◆ **EXERCISE DESCRIPTION**
Every line that contains the word "generated" is to be copied from the listing.

◆ **DATA TO USE**
Content starts

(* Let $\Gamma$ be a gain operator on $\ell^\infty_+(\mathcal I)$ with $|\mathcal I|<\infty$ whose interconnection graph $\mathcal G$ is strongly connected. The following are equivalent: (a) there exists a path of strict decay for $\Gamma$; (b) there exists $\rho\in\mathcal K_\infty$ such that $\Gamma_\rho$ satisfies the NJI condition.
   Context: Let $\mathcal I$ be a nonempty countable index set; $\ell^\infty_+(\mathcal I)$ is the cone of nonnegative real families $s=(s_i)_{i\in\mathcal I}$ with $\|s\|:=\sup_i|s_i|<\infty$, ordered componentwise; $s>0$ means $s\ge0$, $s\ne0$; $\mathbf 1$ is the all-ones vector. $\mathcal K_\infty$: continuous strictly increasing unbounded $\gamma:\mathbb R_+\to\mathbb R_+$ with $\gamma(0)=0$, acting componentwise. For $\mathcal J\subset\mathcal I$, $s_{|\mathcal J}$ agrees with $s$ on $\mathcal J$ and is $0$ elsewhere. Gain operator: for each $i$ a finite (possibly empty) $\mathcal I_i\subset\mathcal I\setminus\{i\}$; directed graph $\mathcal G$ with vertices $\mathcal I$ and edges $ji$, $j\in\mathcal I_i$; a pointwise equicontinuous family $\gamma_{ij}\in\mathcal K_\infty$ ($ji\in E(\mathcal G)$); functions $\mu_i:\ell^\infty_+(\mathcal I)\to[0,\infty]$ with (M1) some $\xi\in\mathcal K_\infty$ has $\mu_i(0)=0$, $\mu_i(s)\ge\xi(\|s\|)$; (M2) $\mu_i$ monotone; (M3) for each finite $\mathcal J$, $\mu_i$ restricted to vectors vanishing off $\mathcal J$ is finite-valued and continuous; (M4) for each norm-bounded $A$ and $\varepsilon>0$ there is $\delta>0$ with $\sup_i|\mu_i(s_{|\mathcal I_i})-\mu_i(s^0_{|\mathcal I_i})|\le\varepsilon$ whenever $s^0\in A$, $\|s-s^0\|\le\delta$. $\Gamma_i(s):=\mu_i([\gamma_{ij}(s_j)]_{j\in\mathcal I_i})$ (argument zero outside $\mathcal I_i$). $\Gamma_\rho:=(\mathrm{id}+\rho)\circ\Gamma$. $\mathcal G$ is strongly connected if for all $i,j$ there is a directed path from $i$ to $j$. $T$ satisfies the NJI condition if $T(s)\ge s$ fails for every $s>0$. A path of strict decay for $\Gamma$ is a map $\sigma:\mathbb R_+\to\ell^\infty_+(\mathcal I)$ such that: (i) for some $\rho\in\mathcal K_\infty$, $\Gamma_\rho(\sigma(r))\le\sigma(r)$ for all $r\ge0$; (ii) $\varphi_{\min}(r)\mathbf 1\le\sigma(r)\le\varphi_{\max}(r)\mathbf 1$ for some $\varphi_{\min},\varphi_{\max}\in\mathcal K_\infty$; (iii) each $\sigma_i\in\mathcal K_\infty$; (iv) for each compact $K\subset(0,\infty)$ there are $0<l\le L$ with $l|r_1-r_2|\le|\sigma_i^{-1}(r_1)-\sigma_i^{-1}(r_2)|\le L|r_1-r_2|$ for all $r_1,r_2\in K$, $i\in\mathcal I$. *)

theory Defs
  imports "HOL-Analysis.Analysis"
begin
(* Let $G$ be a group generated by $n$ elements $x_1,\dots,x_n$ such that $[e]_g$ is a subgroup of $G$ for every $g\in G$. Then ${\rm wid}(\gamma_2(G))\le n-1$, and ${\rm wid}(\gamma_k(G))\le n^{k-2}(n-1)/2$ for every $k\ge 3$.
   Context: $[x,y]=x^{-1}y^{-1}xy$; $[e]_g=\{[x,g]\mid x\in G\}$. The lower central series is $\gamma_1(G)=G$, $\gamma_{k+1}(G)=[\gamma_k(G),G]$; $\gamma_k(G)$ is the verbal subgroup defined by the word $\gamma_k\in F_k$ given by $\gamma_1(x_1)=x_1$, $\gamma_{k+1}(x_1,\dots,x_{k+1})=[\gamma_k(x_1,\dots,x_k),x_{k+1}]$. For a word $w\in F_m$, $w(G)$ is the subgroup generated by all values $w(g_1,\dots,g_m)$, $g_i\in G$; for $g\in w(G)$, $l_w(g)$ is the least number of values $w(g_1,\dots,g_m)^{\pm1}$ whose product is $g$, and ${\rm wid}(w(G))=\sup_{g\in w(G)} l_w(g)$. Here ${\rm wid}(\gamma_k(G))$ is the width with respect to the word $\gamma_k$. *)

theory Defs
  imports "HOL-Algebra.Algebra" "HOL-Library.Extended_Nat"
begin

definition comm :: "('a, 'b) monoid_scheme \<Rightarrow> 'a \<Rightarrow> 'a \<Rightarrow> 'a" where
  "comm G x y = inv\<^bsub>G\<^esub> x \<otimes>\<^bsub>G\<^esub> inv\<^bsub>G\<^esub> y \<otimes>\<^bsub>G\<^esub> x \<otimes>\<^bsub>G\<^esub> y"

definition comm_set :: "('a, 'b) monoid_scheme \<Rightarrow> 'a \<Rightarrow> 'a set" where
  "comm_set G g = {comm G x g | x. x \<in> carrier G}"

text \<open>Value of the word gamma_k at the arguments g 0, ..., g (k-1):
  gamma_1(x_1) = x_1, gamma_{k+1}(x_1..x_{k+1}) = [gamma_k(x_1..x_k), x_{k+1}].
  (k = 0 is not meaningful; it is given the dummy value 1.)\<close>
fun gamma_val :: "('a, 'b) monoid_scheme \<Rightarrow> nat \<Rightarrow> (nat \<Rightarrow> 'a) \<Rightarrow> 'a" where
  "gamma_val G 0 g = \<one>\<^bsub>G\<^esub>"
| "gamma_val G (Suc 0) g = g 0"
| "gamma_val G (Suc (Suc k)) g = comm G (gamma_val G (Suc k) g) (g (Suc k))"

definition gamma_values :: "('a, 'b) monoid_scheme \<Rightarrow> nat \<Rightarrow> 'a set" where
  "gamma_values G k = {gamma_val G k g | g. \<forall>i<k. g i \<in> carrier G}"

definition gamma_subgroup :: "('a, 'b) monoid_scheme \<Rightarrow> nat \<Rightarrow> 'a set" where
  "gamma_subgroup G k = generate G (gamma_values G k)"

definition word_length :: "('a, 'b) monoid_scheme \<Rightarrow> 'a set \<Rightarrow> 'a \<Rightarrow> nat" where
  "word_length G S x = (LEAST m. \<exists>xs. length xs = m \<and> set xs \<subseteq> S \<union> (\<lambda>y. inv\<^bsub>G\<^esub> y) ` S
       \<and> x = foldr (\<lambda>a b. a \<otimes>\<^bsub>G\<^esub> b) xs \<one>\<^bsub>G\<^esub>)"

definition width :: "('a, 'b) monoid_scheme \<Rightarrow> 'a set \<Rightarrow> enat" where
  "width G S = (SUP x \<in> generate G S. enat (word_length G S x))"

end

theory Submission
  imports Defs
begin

Content ends

◆ **REPLY**
(* Let $G$ be a group generated by $n$ elements $x_1,\dots,x_n$ such that $[e]_g$ is a subgroup of $G$ for every $g\in G$. Then ${\rm wid}(\gamma_2(G))\le n-1$, and ${\rm wid}(\gamma_k(G))\le n^{k-2}(n-1)/2$ for every $k\ge 3$.
   Context: $[x,y]=x^{-1}y^{-1}xy$; $[e]_g=\{[x,g]\mid x\in G\}$. The lower central series is $\gamma_1(G)=G$, $\gamma_{k+1}(G)=[\gamma_k(G),G]$; $\gamma_k(G)$ is the verbal subgroup defined by the word $\gamma_k\in F_k$ given by $\gamma_1(x_1)=x_1$, $\gamma_{k+1}(x_1,\dots,x_{k+1})=[\gamma_k(x_1,\dots,x_k),x_{k+1}]$. For a word $w\in F_m$, $w(G)$ is the subgroup generated by all values $w(g_1,\dots,g_m)$, $g_i\in G$; for $g\in w(G)$, $l_w(g)$ is the least number of values $w(g_1,\dots,g_m)^{\pm1}$ whose product is $g$, and ${\rm wid}(w(G))=\sup_{g\in w(G)} l_w(g)$. Here ${\rm wid}(\gamma_k(G))$ is the width with respect to the word $\gamma_k$. *)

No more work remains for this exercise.